Ahead, the chill pallid light from a shimmering orb drew you into the next room. Skeletons chained mercilessly to the wall were forever forced to stare at the orb, held high in the hand of a statue of a handsome, cruel man – a faithful marble wolf at his side. Astonished, you watched as your own shadows cast in the light of the orb peeled from the very walls and attacked. In hard combat you annihilated the shades and smashed the shimmering orb.

Deeper in the dungeon you met the Dursts – bursting from the earthen walls of their secret subterranean den, long yellow claws and lifeless eyes snarling and bloodthirsty. Putting the foul beasts to the sword, you claimed a spellbook, a magical cloak, thieves’ tools, and a handful of other items obviously looted from the cult’s victims – many, it seems, were adventurers not unlike yourselves.

No choices left, you descend another dark stone stairway into the deafening cacophony of chanting voices. A gaping reliquary greeted you, but the interminable intonations drew you to a nearby portcullis keeping you from a enormous chamber filled with dark spectral figures rhythmically swaying in front of a blood stained altar above inky black water. Voices crashing in relentless waves on your ears, their words are now clear: “He is the Ancient. He is the Land. By blood and soil.”

Unable to lift the portcullis from the outside you uncovered a secret passage through the nearby cells where sacrifices were held prior to use.

While the rest of you prepared for battle, Zenbis charged into the room, leapt onto the dais, and let loose a thunderwave. The blast dissipated the ghostly cultists, but awakened a shambling mound of foul carrion and bones in an alcove. It congeals into an enormous, teeming mass of rotting flesh, clattering bones, and decay.

As the party battled the creature, it engulfed Shera. Inside the beast, with arrows and magic thudding against it, she found a swaddled infant imprisoned by pulsing tendrils of filth. Blow by blow she snapped each one, spewing gore and bile. But, when she broke the last one, the creature erupted in a towering cascade of decay and fell still.

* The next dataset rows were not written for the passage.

(* Let $f$ be a unimodal probability density on $\mathbb{R}$ symmetric about $0$ with $f(0)=M<\infty$ and $\int_0^\infty x f(x)\,dx<\infty$, and let $G$ be an absolutely continuous cumulative distribution function on $\mathbb{R}$ symmetric about $0$ whose density $g$ is bounded and satisfies $\int_0^\infty x\,g(x)\,dx<\infty$. Let $$M_{TV}(\lambda)=\operatorname{sign}(\lambda)\,\frac12\int_{\mathbb{R}}\bigl|2G(\lambda x)-1\bigr|\,f(x)\,dx,\qquad \lambda\in\mathbb{R},$$ and for $\alpha,\beta>0$ let $$\pi_{TV}(\lambda\mid\alpha,\beta)=\frac{1}{B(\alpha,\beta)}\Bigl(M_{TV}(\lambda)+\tfrac12\Bigr)^{\alpha-1}\Bigl(\tfrac12-M_{TV}(\lambda)\Bigr)^{\beta-1}\frac{d}{d\lambda}M_{TV}(\lambda).$$ Then the right tail of $\pi_{TV}(\lambda\mid\alpha,\beta)$ (as $\lambda\to+\infty$) is of order $O(|\lambda|^{-\beta-1})$ and its left tail (as $\lambda\to-\infty$) is of order $O(|\lambda|^{-\alpha-1})$. Moreover, if $\alpha=\beta$, then $\pi_{TV}(\lambda\mid\alpha,\beta)$ is symmetric about $0$.
   Context: $\pi_{TV}(\lambda\mid\alpha,\beta)$ is the $BTV(\alpha,\beta)$ prior: the density of $\lambda$ induced by putting a Beta$(\alpha,\beta)$ distribution, rescaled to $(-1/2,1/2)$, on $M_{TV}(\lambda)$, for the skew-symmetric model $\frac{2}{\sigma}f\left(\frac{x-\mu}{\sigma}\right)G\left(\lambda\frac{x-\mu}{\sigma}\right)$ (i.e. with $\omega(x)=x$). $B(\alpha,\beta)$ is the Beta function. *)

theory Defs
  imports "HOL-Analysis.Analysis" "HOL-Library.Landau_Symbols"
begin

definition M_TV :: "(real \<Rightarrow> real) \<Rightarrow> (real \<Rightarrow> real) \<Rightarrow> real \<Rightarrow> real" where
  "M_TV f G lam = sgn lam * (1/2) * (LINT x|lborel. \<bar>2 * G (lam * x) - 1\<bar> * f x)"

definition pi_TV :: "(real \<Rightarrow> real) \<Rightarrow> (real \<Rightarrow> real) \<Rightarrow> real \<Rightarrow> real \<Rightarrow> real \<Rightarrow> real" where
  "pi_TV f G a b lam = (1 / Beta a b) * (M_TV f G lam + 1/2) powr (a - 1)
      * (1/2 - M_TV f G lam) powr (b - 1) * deriv (M_TV f G) lam"

end
text \<open>A compact Lie algebra: a bracket with invariant inner product on the euclidean subspace E.
The bracket is a bilinear map on the ambient space, but the Lie axioms are only required on E.\<close>

locale compact_bracket = symmetric_form B for B :: "'a::euclidean_space \<Rightarrow> 'a \<Rightarrow> real" +
  fixes E :: "'a set" and b :: "'a \<Rightarrow> 'a \<Rightarrow> 'a"
  assumes subspace_E: "subspace E" and pos_definite_E: "pos_definite_on B E"
    and bracket_bilinear: "bilinear b"
    and bracket_closed: "x \<in> E \<Longrightarrow> y \<in> E \<Longrightarrow> b x y \<in> E"
    and bracket_anti: "x \<in> E \<Longrightarrow> y \<in> E \<Longrightarrow> b x y = - b y x"
    and bracket_leibniz: "x \<in> E \<Longrightarrow> y \<in> E \<Longrightarrow> z \<in> E \<Longrightarrow> b x (b y z) = b (b x y) z + b y (b x z)"
    and bracket_invariant: "x \<in> E \<Longrightarrow> y \<in> E \<Longrightarrow> z \<in> E \<Longrightarrow> B (b x y) z = - B y (b x z)"
begin

lemma linear_b_left: "linear (\<lambda>x. b x y)" and linear_b_right: "linear (\<lambda>y. b x y)"
  using bracket_bilinear by (simp_all add: bilinear_def)

lemma bracket_simps[simp]:
  "b (x + y) z = b x z + b y z" "b z (x + y) = b z x + b z y"
  "b (x - y) z = b x z - b y z" "b z (x - y) = b z x - b z y"
  "b (c *\<^sub>R x) z = c *\<^sub>R b x z" "b z (c *\<^sub>R x) = c *\<^sub>R b z x"
  "b (- x) z = - b x z" "b z (- x) = - b z x"
  "b 0 z = 0" "b z 0 = 0"
  using linear_add[OF linear_b_left] linear_add[OF linear_b_right]
    linear_diff[OF linear_b_left] linear_diff[OF linear_b_right]
    linear_scale[OF linear_b_left] linear_scale[OF linear_b_right]
    linear_neg[OF linear_b_left] linear_neg[OF linear_b_right]
    linear_0[OF linear_b_left] linear_0[OF linear_b_right]
  by auto
(* Let $T:=12$, $U:=\mathcal{L}^2([0,T];\mathbb{R})\times\mathcal{L}^2([0,T];\mathbb{R})$, and $K_2:=\{(u_1,u_2)\in U:|u_1(t)|\le0.8,\ |u_2(t)|\le0.4\ \forall t\in[0,T]\}$. For $u=(u_1,u_2)\in U$ and $t\in[0,T]$ let $G_3(u)(t):=\pi/2+0.2\int_0^t\int_0^r(u_1(s)-u_2(s))\,ds\,dr$, and define $h=(h_1,\ldots,h_6):U\to\mathbb{R}^6$ by \[ \begin{aligned} h_1(u)&:=-10+\int_0^T\!\!\int_0^r(u_1(s)+u_2(s))\cos G_3(u)(s)\,ds\,dr, & h_2(u)&:=-10+\int_0^T\!\!\int_0^r(u_1(s)+u_2(s))\sin G_3(u)(s)\,ds\,dr,\\ h_3(u)&:=G_3(u)(T), & h_4(u)&:=\int_0^T(u_1(s)+u_2(s))\cos G_3(u)(s)\,ds,\\ h_5(u)&:=\int_0^T(u_1(s)+u_2(s))\sin G_3(u)(s)\,ds, & h_6(u)&:=0.2\int_0^T(u_1(s)-u_2(s))\,ds. \end{aligned} \] Then for every $z\in\mathbb{R}^6$ the set $K_2\cap h^{-1}(z)=\{u\in K_2:h(u)=z\}$ is weakly compact and hence weakly closed in $U$.
   Context: The function $h$ encodes the free-flying robot dynamics: $h(u)=0$ iff the system $\dot x_1=x_4,\dot x_2=x_5,\dot x_3=x_6,\dot x_4=(u_1+u_2)\cos x_3,\dot x_5=(u_1+u_2)\sin x_3,\dot x_6=0.2(u_1-u_2)$ with $x(0)=(-10,-10,\pi/2,0,0,0)$ has $x(12)=0$. Weak compactness refers to the weak topology of the Hilbert space $U$; box constraints hold for (almost) every $t$. *)

theory Defs
  imports "HOL-Analysis.Analysis"
begin

text \<open>Representatives equal a.e. are not identified; all notions below only depend on the
  a.e.-class, so the weak topology below is the pullback of the weak topology of the
  Hilbert space U.\<close>

definition T_hor :: real where "T_hor = 12"

type_synonym ctrl = "(real \<Rightarrow> real) \<times> (real \<Rightarrow> real)"

definition sq_int :: "(real \<Rightarrow> real) \<Rightarrow> bool" where
  "sq_int f \<longleftrightarrow> f measurable_on {0..T_hor} \<and> (\<lambda>t. (f t)^2) integrable_on {0..T_hor}"
lemma proper_filter_Union_chain:
  assumes "C \<in> chains S" "S \<subseteq> {F. proper_filter F}" "C \<noteq> {}"
  shows "proper_filter (\<Union>C)"
proof -
  have C: "\<And>F. F \<in> C \<Longrightarrow> proper_filter F"
    using assms(1,2) chainsD2 by blast
  show ?thesis
    unfolding proper_filter_def
  proof (intro conjI allI impI)
    show "UNIV \<in> \<Union>C"
      using assms(3) C proper_filter_UNIV by blast
    show "B \<in> \<Union>C" if "A \<in> \<Union>C" "A \<subseteq> B" for A B
      using that C proper_filter_mono by blast
    show "A \<inter> B \<in> \<Union>C" if AB: "A \<in> \<Union>C" "B \<in> \<Union>C" for A B
    proof -
      obtain F G where "F \<in> C" "A \<in> F" "G \<in> C" "B \<in> G"
        using AB by blast
      moreover have "F \<subseteq> G \<or> G \<subseteq> F"
        using chainsD[OF assms(1)] \<open>F \<in> C\<close> \<open>G \<in> C\<close> by blast
      ultimately show ?thesis
        using C proper_filter_Int by (metis UnionI subsetD)
    qed
    show "{} \<notin> \<Union>C"
      using C proper_filter_empty by blast
  qed
qed

lemma proper_filter_adjoin:
  assumes "proper_filter F" "\<And>f. f \<in> F \<Longrightarrow> f \<inter> A \<noteq> {}"
  shows "proper_filter {B. \<exists>f\<in>F. f \<inter> A \<subseteq> B}"
  unfolding proper_filter_def
proof (intro conjI allI impI)
  show "UNIV \<in> {B. \<exists>f\<in>F. f \<inter> A \<subseteq> B}"
    using proper_filter_UNIV[OF assms(1)] by blast
  show "B' \<in> {B. \<exists>f\<in>F. f \<inter> A \<subseteq> B}" if "B \<in> {B. \<exists>f\<in>F. f \<inter> A \<subseteq> B}" "B \<subseteq> B'" for B B'
    using that by blast
  show "B \<inter> B' \<in> {B. \<exists>f\<in>F. f \<inter> A \<subseteq> B}"
    if BB': "B \<in> {B. \<exists>f\<in>F. f \<inter> A \<subseteq> B}" "B' \<in> {B. \<exists>f\<in>F. f \<inter> A \<subseteq> B}" for B B'
  proof -
    obtain f f' where "f \<in> F" "f \<inter> A \<subseteq> B" "f' \<in> F" "f' \<inter> A \<subseteq> B'"
      using BB' by blast
    then show ?thesis
      using proper_filter_Int[OF assms(1), of f f'] by (intro CollectI bexI[of _ "f \<inter> f'"]) auto
  qed
  show "{} \<notin> {B. \<exists>f\<in>F. f \<inter> A \<subseteq> B}"
    using assms(2) by blast
qed

lemma ultrafilter_extending:
  assumes "proper_filter F"
  obtains U where "ultrafilter U" "F \<subseteq> U"
proof -
  let ?P = "{G. proper_filter G \<and> F \<subseteq> G}"
  have "\<exists>U\<in>?P. \<forall>G\<in>C. G \<subseteq> U" if C: "C \<in> chains ?P" for C
  proof (cases "C = {}")
    case True
    then show ?thesis
      using assms by blast
  next
    case False
    have "proper_filter (\<Union>C)"
      by (rule proper_filter_Union_chain[OF C _ False]) blast
    moreover obtain G where "G \<in> C"
      using False by blast
    then have "F \<subseteq> \<Union>C"
      using C chainsD2 by blast
    ultimately show ?thesis
      by blast
  qed
  then obtain U where "U \<in> ?P" and maximal: "\<forall>G\<in>?P. U \<subseteq> G \<longrightarrow> G = U"
    using Zorn_Lemma2[of ?P] by blast
  then have U: "proper_filter U" "F \<subseteq> U"
    by simp_all
  have "A \<in> U \<or> - A \<in> U" for A
  proof (cases "\<exists>u\<in>U. u \<inter> A = {}")
    case True
    then show ?thesis
      using proper_filter_mono[OF U(1)] by blast
  next
    case False
    let ?G = "{B. \<exists>u\<in>U. u \<inter> A \<subseteq> B}"
    have "proper_filter ?G"
      using False by (intro proper_filter_adjoin[OF U(1)]) blast
    moreover have "U \<subseteq> ?G"
      by blast
    ultimately have "?G = U"
      using maximal U(2) by blast
    moreover have "A \<in> ?G"
      using proper_filter_UNIV[OF U(1)] by blast
    ultimately show ?thesis
      by blast
  qed
  then show thesis
    using U that by (auto simp: ultrafilter_def)
qed
(* In the model described in the context, let $(q^*_{BHM},G^*_{BHM})$ be the optimal outcome of the relaxed problem described there, consisting of an $N$-item menu $\{(0,0),(q_1^*,t_1^* ),\dots,(q_N^*,t_N^* )\}$ and the distribution $G^*_{BHM}$ that pools types in the intervals $[0,v_1^*],[v_1^*,v_2^*],\dots,[v_N^*,1]$ at their conditional means, with $w_i^*=\mathbb{E}(\theta\mid v_i^*\le\theta\le v_{i+1}^* )$ for $i=1,\dots,N$ (where $v_{N+1}^*:=1$). Define $\hat b:=\max\{w_1^*-v_1^*,\dots,w_N^*-v_N^*\}$. If $b<\hat b$, then $(q^*_{BHM},G^*_{BHM})$ does not satisfy the (I-OB) constraint and therefore is not a solution to the monopolist's problem.
   Context: A monopolist sells goods of quality $q\in[0,\bar q]$ (fixed $\bar q>0$) to a buyer. The buyer's value $\theta\in[0,1]$ is drawn from a CDF $F_0$ with density $f_0>0$ on $[0,1]$; $F_0$ has increasing hazard rate. Neither the monopolist nor the buyer knows $\theta$. Cost $c:\mathbb{R}_+\to\mathbb{R}_+$ is strictly increasing, continuously differentiable and strictly convex. A menu is a set of items $(q,t)\in[0,\bar q]\times\mathbb{R}_+$ containing $(0,0)$. Buyer utility from $(q,t)$ is $\theta q-t$; an intermediary with commonly known bias $b\ge0$ has utility $(\theta+b)q-t$. Timing: monopolist posts a menu; intermediary commits to a signal about $\theta$; buyer observes realization and picks an item. Payoffs depend only on the posterior mean $w=\mathbb{E}[\theta\mid s]$; a signal is identified with the CDF $G$ of $w$, and feasible $G$ form $MPC(F_0)=\{G \text{ CDF on }[0,1]: \int_0^x(F_0-G)\ge0\ \forall x,\ \text{equality at }x=1\}$. Buyer indifferences are broken toward higher quality and toward participation. A mechanism is $q:[0,1]\to[0,\bar q]$, $t:[0,1]\to\mathbb{R}_+$. The monopolist's problem: maximize $\int_0^1[t(w)-c(q(w))]\,dG(w)$ over $(q,t)$ and $G\in MPC(F_0)$ subject to (B-IC) $wq(w)-t(w)\ge wq(w')-t(w')$ for all $w,w'$; (B-IR) $wq(w)-t(w)\ge0$; (I-OB) $G\in\arg\max_{H\in MPC(F_0)}\int[(w+b)q(w)-t(w)]\,dH(w)$. The relaxed problem is the same problem without (I-OB) (the monopolist chooses the information directly). Its optimal $N$-item outcome is obtained by choosing cutoffs $v_1\le\dots\le v_N$ and qualities $q_1,\dots,q_N$ to maximize $\sum_{i=1}^{N-1}(F_0(v_{i+1})-F_0(v_i))(t_i-c(q_i))+(1-F_0(v_N))(t_N-c(q_N))$, where $w_i=\mathbb{E}(\theta\mid v_i\le\theta\le v_{i+1})$ ($v_{N+1}=1$), $t_1=w_1q_1$, and $t_i=t_{i-1}+w_i(q_i-q_{i-1})$ for $i=2,\dots,N$; the optimal values are $v_i^*,q_i^*,t_i^*,w_i^*$. *)

theory Defs
  imports "HOL-Analysis.Analysis"
begin

definition prior :: "(real \<Rightarrow> real) \<Rightarrow> (real \<Rightarrow> real) \<Rightarrow> bool" where
  "prior F0 f0 \<longleftrightarrow>
     f0 integrable_on {0..1} \<and>
     (\<forall>x\<in>{0..1}. f0 x > 0) \<and>
     (\<forall>x\<in>{0..1}. F0 x = integral {0..x} f0) \<and>
     (\<forall>x<0. F0 x = 0) \<and> (\<forall>x\<ge>1. F0 x = 1) \<and>
     mono_on {0..<1} (\<lambda>x. f0 x / (1 - F0 x))"

definition cost_fun :: "(real \<Rightarrow> real) \<Rightarrow> bool" where
  "cost_fun c \<longleftrightarrow>
     (\<forall>x\<ge>0. c x \<ge> 0) \<and>
     strict_mono_on {0..} c \<and>
     (\<exists>c'. (\<forall>x\<ge>0. (c has_real_derivative c' x) (at x within {0..})) \<and> continuous_on {0..} c') \<and>
     (\<forall>x\<ge>0. \<forall>y\<ge>0. \<forall>u. x \<noteq> y \<and> 0 < u \<and> u < 1 \<longrightarrow>
        c (u * x + (1 - u) * y) < u * c x + (1 - u) * c y)"

definition cdf01 :: "(real \<Rightarrow> real) \<Rightarrow> bool" where
  "cdf01 G \<longleftrightarrow> mono G \<and> (\<forall>x. continuous (at_right x) G) \<and>
     (\<forall>x<0. G x = 0) \<and> (\<forall>x\<ge>1. G x = 1)"

definition MPC :: "(real \<Rightarrow> real) \<Rightarrow> (real \<Rightarrow> real) set" where
  "MPC F0 = {G. cdf01 G \<and>
     (\<forall>x. integral {0..x} (\<lambda>s. F0 s - G s) \<ge> 0) \<and>
     integral {0..1} (\<lambda>s. F0 s - G s) = 0}"

definition integral_cdf :: "(real \<Rightarrow> real) \<Rightarrow> (real \<Rightarrow> real) \<Rightarrow> real" where
  "integral_cdf G \<phi> = integral\<^sup>L (interval_measure G) \<phi>"

definition I_OB :: "(real \<Rightarrow> real) \<Rightarrow> real \<Rightarrow> (real \<Rightarrow> real) \<Rightarrow> (real \<Rightarrow> real)
    \<Rightarrow> (real \<Rightarrow> real) \<Rightarrow> bool" where
  "I_OB F0 b q t G \<longleftrightarrow> G \<in> MPC F0 \<and>
     (\<forall>H\<in>MPC F0. integral_cdf H (\<lambda>w. (w + b) * q w - t w)
                  \<le> integral_cdf G (\<lambda>w. (w + b) * q w - t w))"

definition B_IC :: "(real \<Rightarrow> real) \<Rightarrow> (real \<Rightarrow> real) \<Rightarrow> bool" where
  "B_IC q t \<longleftrightarrow> (\<forall>w\<in>{0..1}. \<forall>w'\<in>{0..1}. w * q w - t w \<ge> w * q w' - t w')"

definition B_IR :: "(real \<Rightarrow> real) \<Rightarrow> (real \<Rightarrow> real) \<Rightarrow> bool" where
  "B_IR q t \<longleftrightarrow> (\<forall>w\<in>{0..1}. w * q w - t w \<ge> 0)"

definition feasible :: "(real \<Rightarrow> real) \<Rightarrow> real \<Rightarrow> real \<Rightarrow> (real \<Rightarrow> real) \<Rightarrow> (real \<Rightarrow> real)
    \<Rightarrow> (real \<Rightarrow> real) \<Rightarrow> bool" where
  "feasible F0 qbar b q t G \<longleftrightarrow>
     (\<forall>w\<in>{0..1}. 0 \<le> q w \<and> q w \<le> qbar \<and> 0 \<le> t w) \<and>
     B_IC q t \<and> B_IR q t \<and> G \<in> MPC F0 \<and> I_OB F0 b q t G"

Durst Manor, though, now denied the sacrifice of the party, shuddered in rage. Stone, brick, and timber cracked and snapped in hatred. You raced to exit and burst out of the structure onto the mud outside at last.
As you caught your breath, a little mechanical creature unlike anything you’d ever seen picked up a beam of wood on the ground nearby. With a whirr, it planted the sign firmly in the ground: “Death House! Do Not Speak to The Children!”